A Equipe de Base Warmis é um coletivo de mulheres voluntárias, imigrantes e brasileiras, que empreende ações que buscam a melhoria das condições de vida de suas comunidades. Conversamos com duas integrantes do coletivo, a Andrea e a Sam, para a seção Como, Onde, Por quê, cuja proposta é apresentar histórias de quem chega ao Centro Cultural de alguma forma, escolhe seu lugar para ficar e resolve voltar por diversas razões. Abaixo, você pode conferir a transcrição da conversa em português, espanhol e inglês.

COMO?/¿CÓMO?/HOW?

Andrea: Eu cheguei ao Brasil há sete anos e o primeiro lugar que eu conheci foi o Centro Cultural por indicação do meu companheiro — que é paulistano e gosta muito daqui — e eu super amei. Durante dois anos, a gente vinha toda quarta para as aulas de dança de salão. Eu parei as aulas porque tive filho, a vida mudou, enfim, mas temos uma sala para reuniões da Equipe de Base Warmis num prédio aqui em frente, então a gente está sempre vindo, eu trago muito meu filho pequeno pra cá. A Equipe de Base Warmis veio parar aqui muito por acaso, na verdade. Estávamos gravando no Jardim Suspenso e chegou o Nelson, da Comunicação do CCSP na época, que ficou super empolgado com o projeto e nos levou para conversar com a Administração do Centro Cultural. Daí começamos a fazer os encontros aqui também, às quintas. Era uma coisa que a gente queria muito.

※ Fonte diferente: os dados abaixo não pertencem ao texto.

lemma pmf_strategy:
  fixes h :: "real \<times> real \<Rightarrow> real"
  assumes fN: "finite N" and NS: "N \<subseteq> S" and x: "x \<in> prob_vectors N" and neS: "S \<noteq> {}"
    and h: "h \<in> borel_measurable (restrict_space borel S)"
  shows "pmf_strategy S x \<in> mixed_strategies S"
    and "(\<integral>a. h a \<partial>pmf_strategy S x) = (\<Sum>a\<in>N. x a * h a)"
proof -
  have nonneg: "\<And>a. 0 \<le> x a" and zero: "\<And>a. a \<notin> N \<Longrightarrow> x a = 0"
    using x unfolding prob_vectors_def by blast+
  have "(\<integral>\<^sup>+a. ennreal (x a) \<partial>count_space UNIV) = (\<integral>\<^sup>+a. ennreal (x a) \<partial>count_space N)"
    by (subst nn_integral_count_space_indicator) (auto intro!: nn_integral_cong simp: zero indicator_def)
  also have "\<dots> = 1" using fN nonneg x by (simp add: nn_integral_count_space_finite prob_vectors_def)
  finally have pmf: "pmf (embed_pmf x) a = x a" for a by (rule pmf_embed_pmf[OF nonneg])
  define T where "T z = (if z \<in> S then z else (SOME s. s \<in> S))" for z
  have "T z \<in> S" for z unfolding T_def using neS by (auto intro: someI_ex)
  then have T: "T \<in> measurable (measure_pmf (embed_pmf x)) (restrict_space borel S)"
    by (simp add: space_restrict_space)
  show "pmf_strategy S x \<in> mixed_strategies S"
    unfolding mixed_strategies_def pmf_strategy_def T_def[symmetric]
    using measure_pmf.prob_space_distr[OF T] by simp
  have "(\<integral>a. h a \<partial>pmf_strategy S x) = (\<integral>z. h (T z) \<partial>measure_pmf (embed_pmf x))"
    unfolding pmf_strategy_def T_def[symmetric] by (rule integral_distr[OF T h])
  also have "\<dots> = (\<Sum>a\<in>N. pmf (embed_pmf x) a *\<^sub>R h (T a))"
    by (rule integral_measure_pmf[OF fN]) (metis set_pmf_iff pmf zero)
  also have "\<dots> = (\<Sum>a\<in>N. x a * h a)"
    using NS by (intro sum.cong) (auto simp: pmf T_def)
  finally show "(\<integral>a. h a \<partial>pmf_strategy S x) = (\<Sum>a\<in>N. x a * h a)" .
qed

Andrea: Llegué a Brasil hace 7 años y el primer lugar que conocí fue el Centro Cultural por indicación de mi compañero — que es paulistano y le gusta mucho este lugar — y a mi me encantó. Durante dos años, vinimos todos los miércoles para las clases de danza de salón. Dejamos de venir a las clases porque tuvimos un hijo, nuestra vida cambió, en fin, pero tenemos una sala para reuniones del Equipo de Base Warmis en un edificio aquí al frente, así que siempre venimos, yo traigo mucho a mi hijo aquí. El Equipo de Base Warmis, la verdad, llegó aquí por casualidad. Estábamos grabando en el Jardín Colgante y llegó Nelson, del área de Comunicación del CCSP en ese momento, que quedó super entusiasmado con el proyecto y nos llevó a conversar con la Administración del Centro Cultural. Después de eso empezamos a hacer los encuentros aquí todos los jueves. Era algo que queríamos mucho.

Andrea: I arrived in Brazil seven years ago and the first place I went to was the Centro Cultural, which my partner recommended. He is Paulistano (from the city of São Paulo) and really likes this place, and I loved it. We came here every Wednesday for two years for dance classes. I stopped taking the classes because I had my son, life changed. Still, we have a meeting space for the Equipe de Base Warmis in a building right in front of here, so we come by here frequently. I bring my young son here a lot. Actually, the Equipe de Base Warmis happens to stop by here a lot. We were filming in the upstairs garden here, and Nelson, from the Communications Department of CCSP at the time, became very excited and interested in the project, which opened up a conversation with the Administrative department of CCSP. From there, we began to have meetings here on Thursdays as well. It was something that we wanted a lot.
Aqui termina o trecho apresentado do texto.